Given entries: Begin

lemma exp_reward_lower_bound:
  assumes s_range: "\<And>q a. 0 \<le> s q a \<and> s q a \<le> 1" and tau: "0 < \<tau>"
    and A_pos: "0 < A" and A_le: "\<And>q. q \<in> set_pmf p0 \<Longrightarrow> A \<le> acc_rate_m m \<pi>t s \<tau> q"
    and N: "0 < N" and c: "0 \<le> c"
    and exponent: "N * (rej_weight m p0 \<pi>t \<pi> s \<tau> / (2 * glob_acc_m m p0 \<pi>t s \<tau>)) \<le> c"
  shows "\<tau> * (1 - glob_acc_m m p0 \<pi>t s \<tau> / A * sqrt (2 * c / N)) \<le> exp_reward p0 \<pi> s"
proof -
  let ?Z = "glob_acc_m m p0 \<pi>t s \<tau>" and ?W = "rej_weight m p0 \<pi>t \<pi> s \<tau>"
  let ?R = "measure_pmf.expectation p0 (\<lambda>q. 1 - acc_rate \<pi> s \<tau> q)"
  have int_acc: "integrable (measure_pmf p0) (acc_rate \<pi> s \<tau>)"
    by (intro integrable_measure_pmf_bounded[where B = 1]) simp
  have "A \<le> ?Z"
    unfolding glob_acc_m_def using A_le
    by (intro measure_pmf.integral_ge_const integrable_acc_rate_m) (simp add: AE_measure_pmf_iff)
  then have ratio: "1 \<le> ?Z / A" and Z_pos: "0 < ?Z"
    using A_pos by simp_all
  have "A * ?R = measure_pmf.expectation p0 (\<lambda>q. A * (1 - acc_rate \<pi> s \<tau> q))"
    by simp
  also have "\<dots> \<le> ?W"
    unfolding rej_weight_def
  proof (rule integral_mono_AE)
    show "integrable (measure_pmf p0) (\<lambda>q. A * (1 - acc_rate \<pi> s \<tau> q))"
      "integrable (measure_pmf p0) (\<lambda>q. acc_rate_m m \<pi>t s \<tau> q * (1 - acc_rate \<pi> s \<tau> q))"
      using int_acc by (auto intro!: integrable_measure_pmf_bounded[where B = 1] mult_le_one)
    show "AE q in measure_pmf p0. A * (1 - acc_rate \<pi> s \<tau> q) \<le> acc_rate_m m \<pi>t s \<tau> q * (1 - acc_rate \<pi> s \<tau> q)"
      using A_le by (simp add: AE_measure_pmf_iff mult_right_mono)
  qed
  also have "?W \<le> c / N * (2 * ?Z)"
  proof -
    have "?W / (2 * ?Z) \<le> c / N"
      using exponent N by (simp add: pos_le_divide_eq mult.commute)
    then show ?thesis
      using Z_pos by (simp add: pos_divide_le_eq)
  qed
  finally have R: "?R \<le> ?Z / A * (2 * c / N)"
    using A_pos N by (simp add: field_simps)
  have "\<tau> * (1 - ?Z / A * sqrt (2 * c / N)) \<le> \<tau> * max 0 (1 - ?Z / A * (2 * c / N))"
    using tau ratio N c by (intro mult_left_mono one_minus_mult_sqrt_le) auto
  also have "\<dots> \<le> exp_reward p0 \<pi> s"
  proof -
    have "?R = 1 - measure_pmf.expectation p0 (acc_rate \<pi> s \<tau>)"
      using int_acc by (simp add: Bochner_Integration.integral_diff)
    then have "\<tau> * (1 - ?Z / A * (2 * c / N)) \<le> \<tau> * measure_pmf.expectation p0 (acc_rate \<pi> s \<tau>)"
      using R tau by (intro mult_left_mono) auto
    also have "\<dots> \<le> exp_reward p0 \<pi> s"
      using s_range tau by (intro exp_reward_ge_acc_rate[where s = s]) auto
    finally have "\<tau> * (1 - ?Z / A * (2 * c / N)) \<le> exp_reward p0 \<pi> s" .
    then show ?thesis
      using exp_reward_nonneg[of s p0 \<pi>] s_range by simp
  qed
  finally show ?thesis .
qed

Given entries: End

**Problem statement**
For the material above, how many lines contain the word "lambda"? Only the number should be given.

**Problem solution**
4